Brinkmanship
Complete Herbs, Complex Medicines:
A merger of Eclectic and Naturopathic Visions of Botanical Medicine
by Francis Brinker
Brinker's Complete Herbs and Complex Medicines is a thoughtful, intelligent and timely work, an important contribution to the herbal literature, which in its coverage of the philosophical and theoretical issues that confront botanical medicine today arguably ranks alongside Weiss's classic Lerbuch der Phytotherapie.
Dr Brinker has a long association with Eclectic Medical Publications (EMP), who are best known in the herbal community for making available facsimile reprint editions of King's, Felter, Ellingwood, Scudder, among others. Dr Brinker in turn is best known for his previous titles on toxicology, as well as on contraindications and herb-drug interactions, works which involved compiling and evaluating prodigious amounts of research. However, in Complete Herbs Complex Medicines it is not on-line citation databases but Eclectic medicine, particularly the vitalist pharmacy of John Uri Lloyd, that Brinker uses as the foundational research of the book.

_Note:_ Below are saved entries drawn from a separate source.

(* For every $\varepsilon>0$ there exists a positive integer $L$ such that for all sufficiently large $N$, $$\sum_{k=L}^N P\big(R_{k,N}\ge N^{1-r}\big)<\varepsilon.$$
   Context: Fix $r\in(0,1)$. Multitype Yule process: at time $0$ a single individual of type $1$ is born; no deaths; each individual independently gives birth at rate $1$; a newborn has, independently, its parent's type with probability $1-r$ and otherwise a brand-new type. Individuals are numbered in order of birth (the initial one is the 1st); if the $k$-th individual born has a type different from its parent, that type is called type $k$. $T_N$ is the time the population reaches size $N$, and $R_{k,N}$ is the number of type-$k$ individuals at time $T_N$. *)

theory Defs
  imports "HOL-Probability.Probability"
begin

text \<open>Embedded jump chain of the multitype Yule process.  The state is the list of
types of the individuals in birth order (the i-th entry, 0-based, is the type of the
(i+1)-th individual).  In a Yule process with unit birth rates the parent of the next
newborn is uniform among the current individuals; the newborn copies the parent's type
with probability 1-r and otherwise gets a new type, labelled by its birth index.\<close>

definition yule_step :: "real \<Rightarrow> nat list \<Rightarrow> nat list pmf" where
  "yule_step r ts =
     pmf_of_set {..<length ts} \<bind> (\<lambda>j.
     bernoulli_pmf (1 - r) \<bind> (\<lambda>b.
     return_pmf (ts @ [if b then ts ! j else Suc (length ts)])))"

text \<open>yule_pop r n: the list of types at the moment the population has size n+1.\<close>
fun yule_pop :: "real \<Rightarrow> nat \<Rightarrow> nat list pmf" where
  "yule_pop r 0 = return_pmf [1]"
| "yule_pop r (Suc n) = yule_pop r n \<bind> yule_step r"

definition yule_at :: "real \<Rightarrow> nat \<Rightarrow> nat list pmf" where
  "yule_at r N = yule_pop r (N - 1)"

definition R_count :: "nat \<Rightarrow> nat list \<Rightarrow> nat" where
  "R_count k ts = count_list ts k"

end

(* Fix p with a = p (1 - r) \<ge> 2 and follow the rising factorial R^(p) = R (R + 1) ... (R + p - 1)
   of the number R of type-k individuals.  While the population has n \<ge> k members, the next
   birth increases R with probability (1 - r) R / n, and (R + 1)^(p) - R^(p) = p R^(p) / R, so the
   expectation of R^(p) is multiplied by exactly 1 + a / n \<le> ((n + 1) / n)^a.  When the population
   reaches size k, type k has at most one member; hence E (R_{k,N})^(p) \<le> p! (N / k)^a, and Markov's
   inequality together with R^(p) \<ge> R^p gives P (R_{k,N} \<ge> N^(1 - r)) \<le> p! k^(-a).  This bound
   is uniform in N and summable in k, so a tail of its series provides L. *)

theory Submission
  imports Defs
begin

lemma one_plus_mult_le_powr:
  fixes a x :: real
  assumes "1 \<le> a" and "0 \<le> x"
  shows "1 + a * x \<le> (1 + x) powr a"
proof -
  let ?g = "\<lambda>y::real. y powr a - a * y"
  have "?g 1 \<le> ?g (1 + x)"
  proof (rule DERIV_nonneg_imp_increasing_open[of 1 "1 + x"])
    show "1 \<le> 1 + x" using assms by simp
    show "continuous_on {1..1 + x} ?g" by (intro continuous_intros) auto
  next
    fix y :: real
    assume y: "1 < y" "y < 1 + x"
    have "DERIV ?g y :> a * (y powr (a - 1) - 1)"
      using y by (auto intro!: derivative_eq_intros simp: algebra_simps)
    moreover have "0 \<le> a * (y powr (a - 1) - 1)"
      using y assms by (simp add: ge_one_powr_ge_zero)
    ultimately show "\<exists>d. DERIV ?g y :> d \<and> 0 \<le> d" by blast
  qed
  then show ?thesis by (simp add: algebra_simps)
qed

The text is divided into two parts - the first half is an extended discussion of the nature of herbal medicines, theoretical in approach but rooted in the specifics of pharmacy. This part of the book uses extensive quotations and extracts from Lloyd's pharmaceutical writings, as Brinker boldly addresses a series of fundamental questions such "What is a herb?', 'What is an extract?', 'What is standardization?' , and last but far from least, "Where are we headed?". Quoting Lloyd, Brinker carefully unravels the various forms of herbal preparation, pointing out their differences, explaining how each may have its appropriated sphere of relevance and administration, according to the nature of the herb itself, its chemical composition, as well as the intended use for an individual patient. Brinker 's underlying agenda throughout is to argue that proper understanding and appreciation of the complexity of botanicals and the transformative effects of different forms of pharmacy on the medicine itself are an essential prerequisite to understanding their clinical application. This is of course in complete opposition to the popular "complete-herbal-information-foot-notes-for-pharmacists in a week-end" type of approach, and resonates with Weiss's argument that physicians must intimately understand the plants from which medicines are made before they can use them effectively.

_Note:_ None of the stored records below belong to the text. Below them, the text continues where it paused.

abbreviation square28 :: "(real \<times> real) set" where
  "square28 \<equiv> {2..8} \<times> {2..8}"

lemma F_comp_cases:
  assumes "\<tau> \<in> perms3" "i \<in> {1,2}"
  shows "F_comp \<tau> i c \<in> {root2 (fst c), root2 (snd c), root2 (fst c) + root2 (snd c)}"
proof -
  have "E_set \<tau> i = {1} \<or> E_set \<tau> i = {2} \<or> E_set \<tau> i = {1,2}"
    using E_set_cases[OF assms] by simp
  then show ?thesis unfolding F_comp_def root2_def by (elim disjE) simp_all
qed

lemma root2_bounds:
  assumes "2 \<le> x" "x \<le> 8" shows "2 \<le> root2 x" "root2 x \<le> 4"
  unfolding root2_def using assms by (auto intro: real_le_rsqrt real_le_lsqrt)

lemma root2_lipschitz:
  assumes "2 \<le> x" "2 \<le> y" shows "\<bar>root2 x - root2 y\<bar> \<le> \<bar>x - y\<bar> / 2"
proof -
  have "2 \<le> root2 x" "2 \<le> root2 y"
    unfolding root2_def using assms by (auto intro: real_le_rsqrt)
  then have pos: "0 \<le> root2 x + root2 y" "4 \<le> root2 x + root2 y" by simp_all
  have "\<bar>root2 x - root2 y\<bar> * 4 \<le> \<bar>root2 x - root2 y\<bar> * (root2 x + root2 y)"
    using pos by (intro mult_left_mono) auto
  also have "\<dots> = \<bar>(root2 x - root2 y) * (root2 x + root2 y)\<bar>"
    using pos by (simp add: abs_mult)
  also have "\<dots> = \<bar>2 * (x - y)\<bar>"
    using assms by (simp add: root2_def algebra_simps)
  also have "\<dots> = 2 * \<bar>x - y\<bar>"
    by (simp only: abs_mult)
  finally show ?thesis by simp
qed

lemma F_comp_bounds:
  assumes "\<tau> \<in> perms3" "i \<in> {1,2}" "c \<in> square28"
  shows "2 \<le> F_comp \<tau> i c" "F_comp \<tau> i c \<le> 8"
  using F_comp_cases[OF assms(1,2), of c] root2_bounds[of "fst c"] root2_bounds[of "snd c"] assms(3)
  by (auto simp: mem_Times_iff)

lemma F_map_in_square28: "\<tau> \<in> perms3 \<Longrightarrow> c \<in> square28 \<Longrightarrow> F_map \<tau> c \<in> square28"
  using F_comp_bounds[of \<tau> 1 c] F_comp_bounds[of \<tau> 2 c] by (simp add: F_map_def)

lemma w_weight_ge:
  assumes "\<tau> \<in> perms3" "c \<in> square28" shows "1/64 \<le> w_weight \<tau> c"
proof -
  have factor: "1/4 \<le> sqrt (2 * coord c i) / F_comp \<tau> i c" if "i \<in> {1,2}" for i
  proof -
    have "2 \<le> sqrt (2 * coord c i)"
      using that root2_bounds[of "fst c"] root2_bounds[of "snd c"] assms(2)
      by (auto simp: root2_def mem_Times_iff)
    then show ?thesis using F_comp_bounds[OF assms(1) that assms(2)] by (simp add: field_simps)
  qed
  have f1: "1/4 \<le> sqrt (2 * coord c 1) / F_comp \<tau> 1 c"
    and f2: "1/4 \<le> sqrt (2 * coord c 2) / F_comp \<tau> 2 c"
    using factor[of 1] factor[of 2] by simp_all
  have "1/4 * (1/4) \<le> sqrt (2 * coord c 1) / F_comp \<tau> 1 c * (sqrt (2 * coord c 2) / F_comp \<tau> 2 c)"
    by (rule mult_mono[OF f1 f2]) (use f1 in linarith)+
  then show ?thesis unfolding w_weight_def by (simp add: mult_ac)
qed

definition dist_max :: "real \<times> real \<Rightarrow> real \<times> real \<Rightarrow> real" where
  "dist_max a b = max \<bar>fst a - fst b\<bar> \<bar>snd a - snd b\<bar>"

definition dist_l1 :: "real \<times> real \<Rightarrow> real \<times> real \<Rightarrow> real" where
  "dist_l1 a b = \<bar>fst a - fst b\<bar> + \<bar>snd a - snd b\<bar>"

lemma dist_l1_le_dist_max: "dist_l1 a b \<le> 2 * dist_max a b"
  by (simp add: dist_l1_def dist_max_def max_def)

lemma dist_max_nonneg: "0 \<le> dist_max a b"
  by (simp add: dist_max_def)

lemma dist_max_le_dist_l1: "dist_max a b \<le> dist_l1 a b"
  by (simp add: dist_l1_def dist_max_def)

Generally non-partisan, when push comes to shove, Brinker appears to somewhat favor freeze-dried fresh herb material, suggesting that it may most effectively capture and preserve the medicinal properties of the plant as harvested. The author's extensive reliance on John Uri Lloyd's work may seem overenthusiastic at times, but it is hard not to marvel at the persistent contemporary relevance of Lloyd's writing, such as his seminal paper "Quality versus Quantity". Readers who are as familiar with Physiomedical as they are with Eclectic sources may raise an eyebrow at Brinker's exclusive concentration on the latter. This is particularly the case where the author discusses the basic concepts and definitions of food, medicine and poison. The outstanding discussion of food, medicine and poison in Western herbal medicine is to be found in Thurston's 1900 text Philosophy of Physiomedicalism; surely the insights of the physiomedicalists are as critical to modernizing herbal medicine as are those of the Eclectics.